The present situation and prospect of glioma immunotherapy.

Tumor immunotherapy has achieved some results in the treatment of many tumors, including gliomas.
Juxiang of Long March Hospital in Shanghai, China, reviewed the various immunotherapy therapies for glioma (Figure 1), new concepts, new technologies, and the prospects of immunotherapy in glioma treatment.
article was published in the February 2020 issue of Trend Pharmacol Sci.
1. Immunotherapy programme for malignant gliomas.
dexterity cells (DCs) of tumor-related antigens (TAAs)/tumor-specific antigens (TSAs) directly induce the activity of cytotoxic T lymphocytes (CTLs).
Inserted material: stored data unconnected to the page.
lemma in_core_imp_individually_fair:
  assumes "finite N" "N \<noteq> {}" "N \<subseteq> C" "k \<le> card N" "0 < q" "q \<le> k" "0 \<le> \<alpha>"
    and "finite W" "q \<le> card W" "in_core loc N C k q \<alpha> W"
  shows "individually_fair loc N k q (2 * \<alpha> + 1) W"
  unfolding individually_fair_def
proof
  fix i assume "i \<in> N"
  define r where "r = rq loc N k q i"
  define B where "B = {j\<in>N. dloc loc i j \<le> r}"
  have card_B: "real q * real (card N) / real k \<le> real (card B)"
    using rq_le_iff[OF assms(1,2,5,6), of loc i r] unfolding B_def r_def by simp
  moreover have "real q \<le> real q * real (card N) / real k"
    using assms(4-6) by (simp add: field_simps)
  ultimately have "q \<le> card B"
    by simp
  then obtain C' where C': "C' \<subseteq> B" "card C' = q" "finite C'"
    by (rule obtain_subset_with_card_n)
  have dq_C': "dq loc q j C' \<le> 2 * r" if "j \<in> B" for j
  proof (rule dq_le_of_forall_dloc_le[OF C'(3) assms(5)])
    show "q \<le> card C'"
      using C'(2) by simp
    fix c assume "c \<in> C'"
    then have "dloc loc i c \<le> r" "dloc loc i j \<le> r"
      using \<open>j \<in> B\<close> C'(1) unfolding B_def by auto
    then show "dloc loc j c \<le> 2 * r"
      using dloc_triangle[of loc j c i] dloc_commute[of loc j i] by linarith
  qed
  show "dq loc q i W \<le> (2 * \<alpha> + 1) * rq loc N k q i"
  proof (rule ccontr)
    assume far: "\<not> ?thesis"
    have "\<alpha> * dq loc q j C' < dq loc q j W" if "j \<in> B" for j
    proof -
      have "\<alpha> * dq loc q j C' \<le> \<alpha> * (2 * r)"
        using dq_C'[OF that] assms(7) by (rule mult_left_mono)
      moreover have "dq loc q i W \<le> dq loc q j W + dloc loc i j"
        using dq_le_dq_add_dloc[OF assms(8,5,9)] .
      ultimately show ?thesis
        using far that unfolding B_def r_def by (simp add: algebra_simps)
    qed
    then have "real (card B) < real q * real (card N) / real k"
      using in_core_blocking_card_less[OF assms(10), of B C' q] C' assms(3)
      unfolding B_def by auto
    with card_B show False
      by simp
  qed
qed
(* Psi_flat' vanishes at 1/N; as flat_curvature is affine and nonnegative at 1/N, once Psi_flat'
   turns negative it stays negative, so Psi_flat increases and then decreases on [1/N, 1]. *)
lemma Psi_flat_ge_min_right:
  assumes N: "2 \<le> N" and c: "1 \<le> c * (N - 1)" and t: "1 / N \<le> t" "t \<le> 1"
  shows "min (Psi_flat N c (1 / N)) (Psi_flat N c 1) \<le> Psi_flat N c t"
proof (rule min_le_if_deriv_stays_nonpos[where f = "Psi_flat N c" and f' = "Psi_flat' N c"
      and a = "1 / N" and b = 1])
  have inv: "0 < 1 / N" "1 / N < 1" using N by simp_all
  have curv_inv: "0 \<le> flat_curvature N c (1 / N)"
    using flat_curvature_nonneg[OF N c] inv by simp
  show "continuous_on {1 / N..1} (Psi_flat N c)"
    by (rule continuous_on_subset[OF continuous_on_Psi_flat[OF N]]) (use inv in auto)
  show "(Psi_flat N c has_real_derivative Psi_flat' N c x) (at x)" if "1 / N < x" "x < 1" for x
    by (intro has_real_derivative_Psi_flat[OF N]) (use that inv in linarith)+
  fix u v assume uv: "1 / N < u" "u \<le> v" "v < 1" and neg: "Psi_flat' N c u < 0"
  have "0 < u" using uv(1) inv(1) by linarith
  have "flat_curvature N c u < 0"
  proof (rule ccontr)
    assume "\<not> flat_curvature N c u < 0"
    then have "0 \<le> flat_curvature N c w" if "1 / N \<le> w" "w \<le> u" for w
      using flat_curvature_nonneg_between[OF that curv_inv] by simp
    then have "Psi_flat' N c (1 / N) \<le> Psi_flat' N c u"
      by (intro Psi_flat'_mono[OF N]) (use uv inv in auto)
    with neg show False using Psi_flat_inverse(2)[OF N] by simp
  qed
  then have "flat_curvature N c w \<le> 0" if "u \<le> w" for w
    using flat_curvature_nonneg_between[of "1 / N" u w N c] curv_inv uv that by linarith
  then have "Psi_flat' N c v \<le> Psi_flat' N c u"
    by (intro Psi_flat'_antimono[OF N]) (use uv \<open>0 < u\<close> in auto)
  with neg show "Psi_flat' N c v \<le> 0" by simp
qed (use t in auto)

lemma Psi_flat_nonneg:
  assumes N: "2 \<le> N" and c: "1 \<le> c * (N - 1)" and "0 \<le> Psi c (1 / N)"
    and t: "0 \<le> t" "t \<le> 1"
  shows "0 \<le> Psi_flat N c t"
proof -
  have "0 \<le> Psi_flat N c (1 / N)"
    using Psi_flat_inverse(1)[OF N] \<open>0 \<le> Psi c (1 / N)\<close> N by simp
  show ?thesis
  proof (cases "t \<le> 1 / N")
    case True
    with \<open>0 \<le> Psi_flat N c (1 / N)\<close> show ?thesis
      using Psi_flat_antimono_left[OF N c t(1) True] by linarith
  next
    case False
    then have "1 / N \<le> t" by simp
    with \<open>0 \<le> Psi_flat N c (1 / N)\<close> show ?thesis
      using Psi_flat_ge_min_right[OF N c _ t(2)] by simp
  qed
qed
lemma min_inj_coresolution_projective_vanishes:
  fixes Alg :: "('k::field) alg"
  assumes CI: "min_inj_coresolution Alg l X I d \<epsilon>"
    and P: "projective_mod Alg l (I (Suc k))" and I0: "fst (I (Suc (Suc k))) = 0"
  shows "fst (I (Suc k)) = 0"
proof -
  have C: "inj_coresolution Alg l X I d \<epsilon>" and ess: "essential Alg (I k) (ker (d k) (fst (I k)))"
    using CI unfolding min_inj_coresolution_def by auto
  note I = inj_coresolutionD[OF C]
  have dc: "d k \<in> carrier_mat (fst (I (Suc k))) (fst (I k))" using is_homD(1)[OF I(5)] .
  have "ker (d (Suc k)) (fst (I (Suc k))) = carrier_vec (fst (I (Suc k)))"
    using is_homD(1)[OF I(5)[of "Suc k"]] I0 unfolding ker_def by auto
  then have "img (d k) (fst (I k)) = carrier_vec (fst (I (Suc k)))" using I(8)[of k] by simp
  then obtain s where s: "is_hom Alg (I (Suc k)) (I k) s" and ds: "d k * s = 1\<^sub>m (fst (I (Suc k)))"
    using projective_mod_split[OF P I(3) I(5)] by blast
  have sc: "s \<in> carrier_mat (fst (I k)) (fst (I (Suc k)))" using is_homD(1)[OF s] .
  have ds_vec: "d k *\<^sub>v (s *\<^sub>v y) = y" if "y \<in> carrier_vec (fst (I (Suc k)))" for y
    using ds dc sc that by (metis assoc_mult_mat_vec one_mult_mat_vec)
  have img_s: "img s (fst (I (Suc k))) = {0\<^sub>v (fst (I k))}"
  proof (rule essential_trivial_meet[OF ess submod_img[OF I(3) I(3) s]])
    show "ker (d k) (fst (I k)) \<inter> img s (fst (I (Suc k))) \<subseteq> {0\<^sub>v (fst (I k))}"
      using ds_vec dc sc unfolding ker_def img_def by auto
  qed
  have "y = 0\<^sub>v (fst (I (Suc k)))" if y: "y \<in> carrier_vec (fst (I (Suc k)))" for y :: "'k vec"
  proof -
    have "s *\<^sub>v y = 0\<^sub>v (fst (I k))" using img_s y unfolding img_def by blast
    then show ?thesis using ds_vec[OF y] dc by auto
  qed
  then show ?thesis using carrier_vec_trivial_imp_zero by blast
qed

lemma min_inj_coresolution_projective_vanishes_from:
  fixes Alg :: "('k::field) alg"
  assumes CI: "min_inj_coresolution Alg l X I d \<epsilon>"
    and P: "\<And>k. projective_mod Alg l (I k)" and In: "fst (I (Suc n)) = 0"
  shows "fst (I 1) = 0"
  using In
proof (induction n)
  case (Suc n)
  then show ?case using min_inj_coresolution_projective_vanishes[OF CI P Suc.prems] by simp
qed simp

lemma injective_mod_of_inj_coresolution:
  fixes Alg :: "('k::field) alg"
  assumes C: "inj_coresolution Alg l X I d \<epsilon>"
    and P: "projective_mod Alg l (I 0)" and I1: "fst (I 1) = 0"
  shows "injective_mod Alg l X"
proof -
  note I = inj_coresolutionD[OF C]
  have \<epsilon>c: "\<epsilon> \<in> carrier_mat (fst (I 0)) (fst X)" using is_homD(1)[OF I(4)] .
  have "ker (d 0) (fst (I 0)) = carrier_vec (fst (I 0))"
    using is_homD(1)[OF I(5)[of 0]] I1 unfolding ker_def by auto
  then have "img \<epsilon> (fst X) = carrier_vec (fst (I 0))" using I(7) by simp
  then obtain s where s: "is_hom Alg (I 0) X s" and \<epsilon>s: "\<epsilon> * s = 1\<^sub>m (fst (I 0))"
    using projective_mod_split[OF P I(1) I(4)] by blast
  have sc: "s \<in> carrier_mat (fst X) (fst (I 0))" using is_homD(1)[OF s] .
  have "\<epsilon> * (s * \<epsilon>) = \<epsilon> * 1\<^sub>m (fst X)" using \<epsilon>s \<epsilon>c sc by (simp flip: assoc_mult_mat)
  then have "s * \<epsilon> = 1\<^sub>m (fst X)"
    using ker_trivial_mult_cancel[OF \<epsilon>c I(6) mult_carrier_mat[OF sc \<epsilon>c] one_carrier_mat] by simp
  then show ?thesis using injective_mod_retract[OF I(2) I(1) I(4) s] by blast
qed

lemma dominant_dim_infinite_projective:
  assumes "dominant_dim Alg I = \<infinity>"
  shows "projective_mod Alg False (I k)"
proof (rule ccontr)
  assume "\<not> projective_mod Alg False (I k)"
  then have "dominant_dim Alg I \<le> enat k" unfolding dominant_dim_def by (intro Inf_lower) auto
  then show False using assms by simp
qed

lemma inj_dim_finiteE:
  assumes "inj_dim Alg l M < \<infinity>"
  obtains I d \<epsilon> n where "inj_coresolution Alg l M I d \<epsilon>" and "\<forall>i>n. fst (I i) = 0"
proof -
  let ?lengths = "{n. \<exists>I d \<epsilon>. inj_coresolution Alg l M I d \<epsilon> \<and> (\<forall>i>n. fst (I i) = 0)}"
  have "?lengths \<noteq> {}"
  proof
    assume "?lengths = {}"
    then have "inj_dim Alg l M = Inf (enat ` {})" unfolding inj_dim_def by (simp only:)
    then show False using assms by (simp add: top_enat_def)
  qed
  then show thesis using that by blast
qed
theorem theorem1p4:
  fixes n k :: nat
  assumes "k \<ge> 1" and "n \<ge> k + 2"
  shows "(tau n k)^2 \<le> (1/2) * (1 + real k / real n) * (real n / real k) ^ (2*k)
                          / real ((n + k) choose (n - k))
       \<and> (1/2) * (1 + real k / real n) * (real n / real k) ^ (2*k)
            / real ((n + k) choose (n - k))
         \<le> (exp 2 / (2 * sqrt pi)) * sqrt (real k) * sqrt (1 - (real k)^2 / (real n)^2)
            * (2 * real n) ^ (2*k) * real (n - k) ^ (n - k) / real (n + k) ^ (n + k)"
  using tau_sq_le[OF assms] binomial_bound_le_stirling[OF assms] by (rule conjI)

end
antibodies against inhibitory targets can alleviate the immunosuppressive state of CTL, including cytotoxic T lymphocyte-related antigen-4 (CTLA-4), programmed cell death protein 1 (PD-1) and its ligation (PD-L1).
inlay antigens (CAR)-T cells produces an artificial T-cells that have a high affinity with tumor-specific surface antigens.
genetically engineered lysomavirus mediates tumor cell lysis and subsequent immune responses by selectively targeting cancer cells.
TCR: T-cells.
results of the study Glioma immunotherapy strategies: Immuno-target inhibitors (ICBs): programmed cell death proteins (PD-1) and ligations (PD-L1), as well as cytotoxic T lymphocyte-related antigens 4 (CTLA-4) are the main effect factors that block the immune response in the inhibitory immune path path.
monoclonal antibodies (mAbs) for PD-1, PD-L1, and CTLA-4 enhance the anti-tumor response by activating cytotoxic T lymphocytes (CTLs).
of poor treatment may be complex and may first be related to the lack of biomarkers that guide individualized immune target blocking (ICB).
important predictor is tumor mutation load (TMB), which increases the number of new antigens and induces a strong anti-tumor response.
patients with glioblastoma (GBM) and defects in the repair of genotycular and double allied gene DNA had a better response to Navu monomatic resistance, supporting this hypothesis.
In addition, GBM is a tumor that causes less T-cell inflammatory reactions or T-cell depletion than external organ tumors, such as melanoma and breast cancer, and is less likely to respond to ICBs;
, high-dose corticosteroid therapy significantly interfered with the effect of immunotherapy in patients, and some patients had poor ICC treatment.
Peptide Vaccine: Anti-tumor immunization, including polypeptide and degenerative cell (DCs) vaccines, is designed to induce an immune response by enhancing the collection of antigen-specific T-cells to tumor sites.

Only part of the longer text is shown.